» WORK TO BE COMPLETED
For each line below that includes the word "exists", make a copy.

Segment Start: MATERIAL PROVIDED

definition J1 :: "real^2^2" where
  "J1 = (\<chi> i j. if i = 0 \<and> j = 1 then -1 else if i = 1 \<and> j = 0 then 1 else 0)"

definition one_mode_CM :: "real^2^2 \<Rightarrow> bool" where
  "one_mode_CM g \<longleftrightarrow> is_CM J1 g"

definition mode_of :: "6 \<Rightarrow> nat" where
  "mode_of i = (if i = 0 \<or> i = 1 then 0 else if i = 2 \<or> i = 3 then 1 else 2)"

definition pos_of :: "6 \<Rightarrow> 2" where
  "pos_of i = (if i = 0 \<or> i = 2 \<or> i = 4 then 0 else 1)"

definition dsum3 :: "real^2^2 \<Rightarrow> real^2^2 \<Rightarrow> real^2^2 \<Rightarrow> real^6^6" where
  "dsum3 a b c = (\<chi> i j. if mode_of i = mode_of j then
      (if mode_of i = 0 then a else if mode_of i = 1 then b else c) $ pos_of i $ pos_of j
    else 0)"

definition J3 :: "real^6^6" where
  "J3 = dsum3 J1 J1 J1"

definition three_mode_CM :: "real^6^6 \<Rightarrow> bool" where
  "three_mode_CM g \<longleftrightarrow> is_CM J3 g"

datatype partyx = X0 | XA | XB | XC

fun Jt :: "partyx \<Rightarrow> real^6^6" where
  "Jt X0 = dsum3 J1 J1 J1"
| "Jt XA = dsum3 (- J1) J1 J1"
| "Jt XB = dsum3 J1 (- J1) J1"
| "Jt XC = dsum3 J1 J1 (- J1)"

definition fully_separable :: "real^6^6 \<Rightarrow> bool" where
  "fully_separable g \<longleftrightarrow> (\<exists>gA gB gC. one_mode_CM gA \<and> one_mode_CM gB \<and> one_mode_CM gC \<and>
      psd_real (g - dsum3 gA gB gC))"

definition edge_CM :: "real^6^6 \<Rightarrow> bool" where
  "edge_CM g \<longleftrightarrow> three_mode_CM g \<and> \<not> fully_separable g \<and>
     (\<forall>x. psd_complex (minus_iJ g (Jt x))) \<and>
     (\<forall>P. symmetric_mat P \<and> psd_real P \<and> P \<noteq> 0 \<longrightarrow>
        (\<exists>x. \<not> psd_complex (minus_iJ (g - P) (Jt x))))"

definition ker_c :: "complex^'n^'n \<Rightarrow> (complex^'n) set" where
  "ker_c M = {v. M *v v = 0}"

definition re_vec :: "complex^'n \<Rightarrow> real^'n" where
  "re_vec v = (\<chi> i. Re (v $ i))"

definition im_vec :: "complex^'n \<Rightarrow> real^'n" where
  "im_vec v = (\<chi> i. Im (v $ i))"

definition V_space :: "real^6^6 \<Rightarrow> (complex^6) set" where
  "V_space g = vec.span (\<Union>x. ker_c (minus_iJ g (Jt x)))"

definition K_space :: "real^6^6 \<Rightarrow> (real^6) set" where
  "K_space g = span (re_vec ` V_space g \<union> im_vec ` V_space g)"

end

theory Submission
  imports Defs
begin
(* For every integer $n\ge 2$, \[ \sum_{k=2}^{n}(-1)^{k}\genfrac{\{}{\}}{0pt}{}{n}{k}(k-1)!\,H_{k-1}H_{k}=\frac{n+1}{2}B_{n-2}. \]
   Context: $\genfrac{\{}{\}}{0pt}{}{n}{k}$ denotes the Stirling numbers of the second kind, $H_k=\sum_{i=1}^k 1/i$ the harmonic numbers, and $B_n$ the Bernoulli numbers, $\sum_{n\ge0}B_n t^n/n!=t/(e^t-1)$ (so $B_1=-1/2$). *)

theory Defs
  imports "HOL-Analysis.Analysis" "HOL-Combinatorics.Stirling"
    "HOL-Computational_Algebra.Formal_Power_Series"
begin

text \<open>Bernoulli numbers via the exponential generating function
  sum B_n t^n/n! = t/(e^t - 1), so that B_1 = -1/2.  Division of formal
  power series over a field cancels the common factor X.\<close>
definition bernoulli :: "nat \<Rightarrow> real" where
  "bernoulli n = fact n * fps_nth (fps_X / (fps_exp 1 - 1)) n"

end

theory Submission
  imports Defs
begin

text \<open>
  Write \<open>T a n = \<Sum>\<^sub>k (-1)^k k! S(n,k) a\<^sub>k\<close>.  The recurrence \<open>S(n+1,k+1) = (k+1) S(n,k+1) + S(n,k)\<close>
  gives \<open>T a (n+1) = - T b n\<close> with \<open>b\<^sub>j = (j+1) a\<^sub>j\<^sub>+\<^sub>1 - j a\<^sub>j\<close>, and the binomial recurrence
  \<open>S(n+1,k+1) = \<Sum>\<^sub>i C(n,i) S(i,k)\<close> shows that shifting \<open>a\<close> one place to the right
  multiplies the exponential generating function of \<open>T a\<close> by \<open>-(e\<^sup>t - 1)\<close>.  The shift of
  \<open>1/(k+1)\<close> is \<open>1/k\<close> (as \<open>1/0 = 0\<close>), whose transform is \<open>-t\<close>; so \<open>T (1/(k+1))\<close> has
  generating function \<open>t/(e\<^sup>t - 1)\<close>, i.e. \<open>T (1/(k+1)) n = B\<^sub>n\<close>.

  The left-hand side is \<open>T (H\<^sub>k\<^sub>-\<^sub>1 H\<^sub>k / k) n\<close>, and one difference step turns it into
  \<open>-T (H\<^sub>k/(k+1)) (n-1) - T (H\<^sub>k/k) (n-1)\<close>.  Another difference step gives
  \<open>T (H\<^sub>k/k) (n-1) = -B\<^sub>n\<^sub>-\<^sub>2\<close>.  The shift of \<open>H\<^sub>k/(k+1)\<close> has transform \<open>t\<^sup>2/2\<close>, so the
  generating function of \<open>T (H\<^sub>k/(k+1))\<close> is \<open>-(t/2) \<cdot> t/(e\<^sup>t - 1)\<close> and
  \<open>T (H\<^sub>k/(k+1)) (n-1) = -((n-1)/2) B\<^sub>n\<^sub>-\<^sub>2\<close>.
\<close>

lemma sum_binomial_Suc:
  fixes f :: "nat \<Rightarrow> 'a::comm_semiring_1"
  shows "(\<Sum>i\<le>Suc n. of_nat (Suc n choose i) * f i)
       = (\<Sum>i\<le>n. of_nat (n choose i) * (f i + f (Suc i)))"
proof -
  have "(\<Sum>i\<le>Suc n. of_nat (Suc n choose i) * f i)
      = (\<Sum>i\<le>n. of_nat (n choose i) * f (Suc i)) + (f 0 + (\<Sum>i\<le>n. of_nat (n choose Suc i) * f (Suc i)))"
    by (subst sum.atMost_Suc_shift) (simp add: sum.distrib algebra_simps)
  also have "f 0 + (\<Sum>i\<le>n. of_nat (n choose Suc i) * f (Suc i)) = (\<Sum>i\<le>Suc n. of_nat (n choose i) * f i)"
    by (subst sum.atMost_Suc_shift) simp
  also have "\<dots> = (\<Sum>i\<le>n. of_nat (n choose i) * f i)"
    by (simp add: binomial_eq_0)
  finally show ?thesis
    by (simp add: sum.distrib algebra_simps)
qed

lemma Stirling_Suc_Suc_eq_sum_binomial:
  "Stirling (Suc n) (Suc k) = (\<Sum>i\<le>n. (n choose i) * Stirling i k)"
proof (induction n arbitrary: k)
  case 0
  then show ?case by (cases k) auto
next
  case (Suc n)
  have "(\<Sum>i\<le>Suc n. (Suc n choose i) * Stirling i k)
      = (\<Sum>i\<le>n. (n choose i) * (Stirling i k + Stirling (Suc i) k))"
    using sum_binomial_Suc[of n "\<lambda>i. Stirling i k"] by simp
  also have "\<dots> = Stirling (Suc (Suc n)) (Suc k)"
  proof (cases k)
    case 0
    then show ?thesis using Suc.IH[of 0] by simp
  next
    case (Suc k')
    then have "(\<Sum>i\<le>n. (n choose i) * (Stirling i k + Stirling (Suc i) k))
        = Suc k * (\<Sum>i\<le>n. (n choose i) * Stirling i k) + (\<Sum>i\<le>n. (n choose i) * Stirling i k')"
      by (simp add: sum.distrib sum_distrib_left algebra_simps)
    then show ?thesis using Suc Suc.IH[of k] Suc.IH[of k'] by simp
  qed
  finally show ?case by simp
qed

lemma Suc_times_Stirling_eq_sum_binomial:
  "Suc k * Stirling n (Suc k) = (\<Sum>i<n. (n choose i) * Stirling i k)"
  using Stirling_Suc_Suc_eq_sum_binomial[of n k] by (simp add: lessThan_Suc_atMost[symmetric])

lemma harm_minus_harm_pred: "harm n - harm (n - 1) = (1 / of_nat n :: 'a::real_normed_field)"
  by (cases n) (simp_all add: harm_Suc divide_inverse)

definition stirling_transform :: "(nat \<Rightarrow> 'a::{comm_ring_1,ring_char_0}) \<Rightarrow> nat \<Rightarrow> 'a" where
  "stirling_transform a n = (\<Sum>k\<le>n. (-1) ^ k * fact k * of_nat (Stirling n k) * a k)"

lemma stirling_transform_lessThan:
  assumes "n < N"
  shows "stirling_transform a n = (\<Sum>k<N. (-1) ^ k * fact k * of_nat (Stirling n k) * a k)"
  unfolding stirling_transform_def
  by (rule sum.mono_neutral_left) (use assms in auto)

lemma stirling_transform_0 [simp]: "stirling_transform a 0 = a 0"
  by (simp add: stirling_transform_def)

lemma stirling_transform_add:
  "stirling_transform (\<lambda>k. a k + b k) n = stirling_transform a n + stirling_transform b n"
  by (simp add: stirling_transform_def sum.distrib algebra_simps)

lemma stirling_transform_Suc:
  assumes "\<And>j. of_nat (Suc j) * a (Suc j) - of_nat j * a j = b j"
  shows "stirling_transform a (Suc n) = - stirling_transform b n"
proof -
  define g where "g j = (-1) ^ j * fact j * of_nat j * of_nat (Stirling n j) * a j" for j
  define h where "h j = (-1) ^ Suc j * fact (Suc j) * of_nat (Stirling n j) * a (Suc j)" for j
  have "stirling_transform a (Suc n)
      = (\<Sum>k\<le>n. (-1) ^ Suc k * fact (Suc k) * of_nat (Stirling (Suc n) (Suc k)) * a (Suc k))"
    unfolding stirling_transform_def by (subst sum.atMost_Suc_shift) simp
  also have "\<dots> = (\<Sum>k\<le>n. g (Suc k)) + (\<Sum>k\<le>n. h k)"
    unfolding g_def h_def by (simp add: sum.distrib[symmetric] algebra_simps)
  also have "(\<Sum>k\<le>n. g (Suc k)) = (\<Sum>k\<le>n. g k)"
    using sum.atMost_Suc_shift[of g n] by (simp add: g_def)
  also have "(\<Sum>k\<le>n. g k) + (\<Sum>k\<le>n. h k) = - stirling_transform b n"
    unfolding stirling_transform_def g_def h_def assms[symmetric]
    by (simp add: sum.distrib[symmetric] sum_negf[symmetric] algebra_simps)
  finally show ?thesis .
qed

lemma stirling_transform_Suc_div:
  fixes c :: "nat \<Rightarrow> 'a::field_char_0"
  assumes "c 0 = 0" and "\<And>j. c (Suc j) - c j = b j"
  shows "stirling_transform (\<lambda>k. c k / of_nat k) (Suc n) = - stirling_transform b n"
proof (rule stirling_transform_Suc)
  fix j
  show "of_nat (Suc j) * (c (Suc j) / of_nat (Suc j)) - of_nat j * (c j / of_nat j) = b j"
    using assms(1) assms(2)[of j] by (cases j) (simp_all del: of_nat_Suc)
qed

lemma stirling_transform_shift:
  assumes "b 0 = 0" and "\<And>j. b (Suc j) = a j"
  shows "stirling_transform b n = - (\<Sum>i<n. of_nat (n choose i) * stirling_transform a i)"
proof -
  have "stirling_transform b n = (\<Sum>k<Suc n. (-1) ^ k * fact k * of_nat (Stirling n k) * b k)"
    by (rule stirling_transform_lessThan) simp
  also have "\<dots> = (\<Sum>k<n. - ((-1) ^ k * fact k * a k * of_nat (Suc k * Stirling n (Suc k))))"
    by (subst sum.lessThan_Suc_shift) (simp add: assms algebra_simps)
  also have "\<dots> = (\<Sum>k<n. - ((-1) ^ k * fact k * a k * (\<Sum>i<n. of_nat (n choose i) * of_nat (Stirling i k))))"
    by (simp only: Suc_times_Stirling_eq_sum_binomial of_nat_sum of_nat_mult)
  also have "\<dots> = - (\<Sum>i<n. \<Sum>k<n. of_nat (n choose i) * ((-1) ^ k * fact k * of_nat (Stirling i k) * a k))"
    by (subst sum.swap) (simp add: sum_distrib_left sum_distrib_right sum_negf algebra_simps)
  also have "\<dots> = - (\<Sum>i<n. of_nat (n choose i) * stirling_transform a i)"
    by (simp add: stirling_transform_lessThan[of _ n] sum_distrib_left)
  finally show ?thesis .
qed

definition stirling_transform_egf :: "(nat \<Rightarrow> 'a::field_char_0) \<Rightarrow> 'a fps" where
  "stirling_transform_egf a = Abs_fps (\<lambda>n. stirling_transform a n / fact n)"

lemma fps_exp_1_minus_1_nonzero: "fps_exp (1::'a::field_char_0) - 1 \<noteq> 0"
proof
  assume "fps_exp (1::'a) - 1 = 0"
  then have "fps_nth (fps_exp (1::'a) - 1) 1 = 0" by simp
  then show False by simp
qed

lemma stirling_transform_egf_shift:
  fixes a b :: "nat \<Rightarrow> 'a::field_char_0"
  assumes "b 0 = 0" and "\<And>j. b (Suc j) = a j"
  shows "stirling_transform_egf b = - ((fps_exp 1 - 1) * stirling_transform_egf a)"
proof (rule fps_ext)
  fix n
  have "fps_nth ((fps_exp 1 - 1) * stirling_transform_egf a) n
      = (\<Sum>i\<le>n. stirling_transform a i / fact i * (if i = n then 0 else 1 / fact (n - i)))"
    by (subst mult.commute)
       (auto simp: fps_mult_nth stirling_transform_egf_def atLeast0AtMost intro!: sum.cong)
  also have "\<dots> = (\<Sum>i<n. stirling_transform a i / fact i * (1 / fact (n - i)))"
    by (simp add: lessThan_Suc_atMost[symmetric] mult.commute)
  also have "\<dots> = (\<Sum>i<n. of_nat (n choose i) * stirling_transform a i) / fact n"
    unfolding sum_divide_distrib
    by (intro sum.cong refl) (simp add: binomial_fact field_simps)
  finally show "fps_nth (stirling_transform_egf b) n = fps_nth (- ((fps_exp 1 - 1) * stirling_transform_egf a)) n"
    by (simp add: stirling_transform_egf_def stirling_transform_shift[OF assms])
qed

lemma stirling_transform_inverse:
  "stirling_transform (\<lambda>k. 1 / real k) n = (if n = 1 then -1 else 0)"
proof (cases n)
  case (Suc m)
  have "stirling_transform (\<lambda>k. 1 / real k) (Suc m) = - stirling_transform (\<lambda>j. if j = 0 then 1 else 0) m"
    by (rule stirling_transform_Suc) simp
  also have "\<dots> = - real (Stirling m 0)"
    by (simp add: stirling_transform_def if_distrib[of "\<lambda>x. _ * x"] sum.delta cong: if_cong)
  finally show ?thesis using Suc by (cases m) simp_all
qed simp

lemma stirling_transform_harm_pred_div:
  "stirling_transform (\<lambda>k. harm (k - 1) / real k) n = (if n = 2 then 1 else 0)"
proof (cases n)
  case (Suc m)
  have "stirling_transform (\<lambda>k. harm (k - 1) / real k) (Suc m) = - stirling_transform (\<lambda>k. 1 / real k) m"
    by (rule stirling_transform_Suc_div)
       (simp_all only: diff_Suc_1 diff_0_eq_0 harm_expand(1) harm_minus_harm_pred)
  then show ?thesis using Suc by (simp add: stirling_transform_inverse)
qed (simp add: harm_expand(1))

lemma stirling_transform_egf_inverse_Suc:
  "(fps_exp 1 - 1) * stirling_transform_egf (\<lambda>k. 1 / real (Suc k)) = fps_X"
proof -
  have "stirling_transform_egf (\<lambda>k. 1 / real k) = - fps_X"
    by (rule fps_ext) (simp add: stirling_transform_egf_def stirling_transform_inverse)
  then show ?thesis
    using stirling_transform_egf_shift[of "\<lambda>k. 1 / real k" "\<lambda>k. 1 / real (Suc k)"] by simp
qed

lemma stirling_transform_inverse_Suc_eq_bernoulli:
  "stirling_transform (\<lambda>k. 1 / real (Suc k)) n = bernoulli n"
proof -
  have "fps_X / (fps_exp 1 - 1) = stirling_transform_egf (\<lambda>k. 1 / real (Suc k))"
    using stirling_transform_egf_inverse_Suc fps_exp_1_minus_1_nonzero
    by (metis fps_divide_times_eq mult.commute)
  then show ?thesis by (simp add: bernoulli_def stirling_transform_egf_def)
qed

lemma stirling_transform_harm_div:
  "stirling_transform (\<lambda>k. harm k / real k) (Suc m) = - bernoulli m"
proof -
  have "stirling_transform (\<lambda>k. harm k / real k) (Suc m) = - stirling_transform (\<lambda>k. 1 / real (Suc k)) m"
    by (rule stirling_transform_Suc_div) (simp_all add: harm_expand(1) harm_Suc divide_inverse)
  also have "\<dots> = - bernoulli m"
    by (simp only: stirling_transform_inverse_Suc_eq_bernoulli)
  finally show ?thesis .
qed

lemma stirling_transform_harm_div_Suc:
  "stirling_transform (\<lambda>k. harm k / real (Suc k)) (Suc m) = - (real (Suc m) / 2) * bernoulli m"
proof -
  define E :: "real fps" where "E = fps_exp 1 - 1"
  define c where "c = stirling_transform_egf (\<lambda>k. harm k / real (Suc k))"
  define u where "u = stirling_transform_egf (\<lambda>k. 1 / real (Suc k))"
  have "stirling_transform_egf (\<lambda>k. harm (k - 1) / real k) = fps_const (1/2) * fps_X ^ 2"
    by (rule fps_ext)
       (simp only: stirling_transform_egf_def fps_nth_Abs_fps stirling_transform_harm_pred_div,
        simp add: fps_X_power_nth)
  then have c_eq: "E * c = - (fps_const (1/2) * fps_X ^ 2)"
    using stirling_transform_egf_shift[of "\<lambda>k. harm (k - 1) / real k" "\<lambda>k. harm k / real (Suc k)"]
    by (simp add: E_def c_def harm_expand minus_equation_iff[of "_ * c"])
  have u_eq: "E * u = fps_X"
    unfolding E_def u_def by (rule stirling_transform_egf_inverse_Suc)
  have "E * (c + fps_const (1/2) * fps_X * u) = E * c + fps_const (1/2) * fps_X * (E * u)"
    by (simp add: algebra_simps)
  also have "\<dots> = 0"
    by (simp add: c_eq u_eq power2_eq_square)
  finally have "c = - (fps_const (1/2) * fps_X * u)"
    using fps_exp_1_minus_1_nonzero by (simp add: E_def eq_neg_iff_add_eq_0)
  then have "fps_nth c (Suc m) = - (1/2) * fps_nth u m"
    by (simp add: mult.assoc)
  then show ?thesis
    by (simp add: c_def u_def stirling_transform_egf_def stirling_transform_inverse_Suc_eq_bernoulli field_simps
        del: of_nat_Suc)
qed

lemma stirling_transform_harm_pred_harm_div:
  "stirling_transform (\<lambda>k. harm (k - 1) * harm k / real k) (Suc (Suc m))
     = (real (Suc (Suc m)) + 1) / 2 * bernoulli m"
proof -
  have "stirling_transform (\<lambda>k. harm (k - 1) * harm k / real k) (Suc (Suc m))
      = - stirling_transform (\<lambda>k. harm k / real (Suc k) + harm k / real k) (Suc m)"
  proof (rule stirling_transform_Suc_div)
    fix j
    have "harm (Suc j) - harm (j - 1) = 1 / real (Suc j) + (1 / real j :: real)"
      using harm_minus_harm_pred[of j] by (simp add: harm_Suc divide_inverse algebra_simps)
    then show "harm (Suc j - 1) * harm (Suc j) - harm (j - 1) * harm j
        = harm j / real (Suc j) + harm j / real j"
      by (simp add: algebra_simps)
  qed (simp add: harm_expand(1))
  also have "\<dots> = (real (Suc (Suc m)) + 1) / 2 * bernoulli m"
    by (simp only: stirling_transform_add stirling_transform_harm_div stirling_transform_harm_div_Suc)
       (simp add: field_simps)
  finally show ?thesis .
qed

lemma stirling_transform_harm_pred_harm_div_eq_sum:
  "stirling_transform (\<lambda>k. harm (k - 1) * harm k / real k) n
     = (\<Sum>k=2..n. (-1) ^ k * real (Stirling n k) * fact (k - 1) * harm (k - 1) * harm k)"
proof -
  have "stirling_transform (\<lambda>k. harm (k - 1) * harm k / real k) n
      = (\<Sum>k=2..n. (-1) ^ k * fact k * real (Stirling n k) * (harm (k - 1) * harm k / real k))"
    unfolding stirling_transform_def
    by (rule sum.mono_neutral_right) (auto simp: harm_expand le_Suc_eq)
  also have "\<dots> = (\<Sum>k=2..n. (-1) ^ k * real (Stirling n k) * fact (k - 1) * harm (k - 1) * harm k)"
    by (intro sum.cong refl) (simp add: fact_reduce)
  finally show ?thesis .
qed

theorem theorem5:
  fixes n :: nat
  assumes "n \<ge> 2"
  shows "(\<Sum>k=2..n. (-1) ^ k * real (Stirling n k) * fact (k - 1)
            * harm (k - 1) * harm k) = (real n + 1) / 2 * bernoulli (n - 2)"
proof -
  obtain m where "n = Suc (Suc m)"
    using assms by (metis add_2_eq_Suc le_Suc_ex)
  then show ?thesis
    using stirling_transform_harm_pred_harm_div[of m] stirling_transform_harm_pred_harm_div_eq_sum[of n] by simp
qed

end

Segment End: MATERIAL PROVIDED

» EXPECTED OUTPUT
  "fully_separable g \<longleftrightarrow> (\<exists>gA gB gC. one_mode_CM gA \<and> one_mode_CM gB \<and> one_mode_CM gC \<and>
        (\<exists>x. \<not> psd_complex (minus_iJ (g - P) (Jt x))))"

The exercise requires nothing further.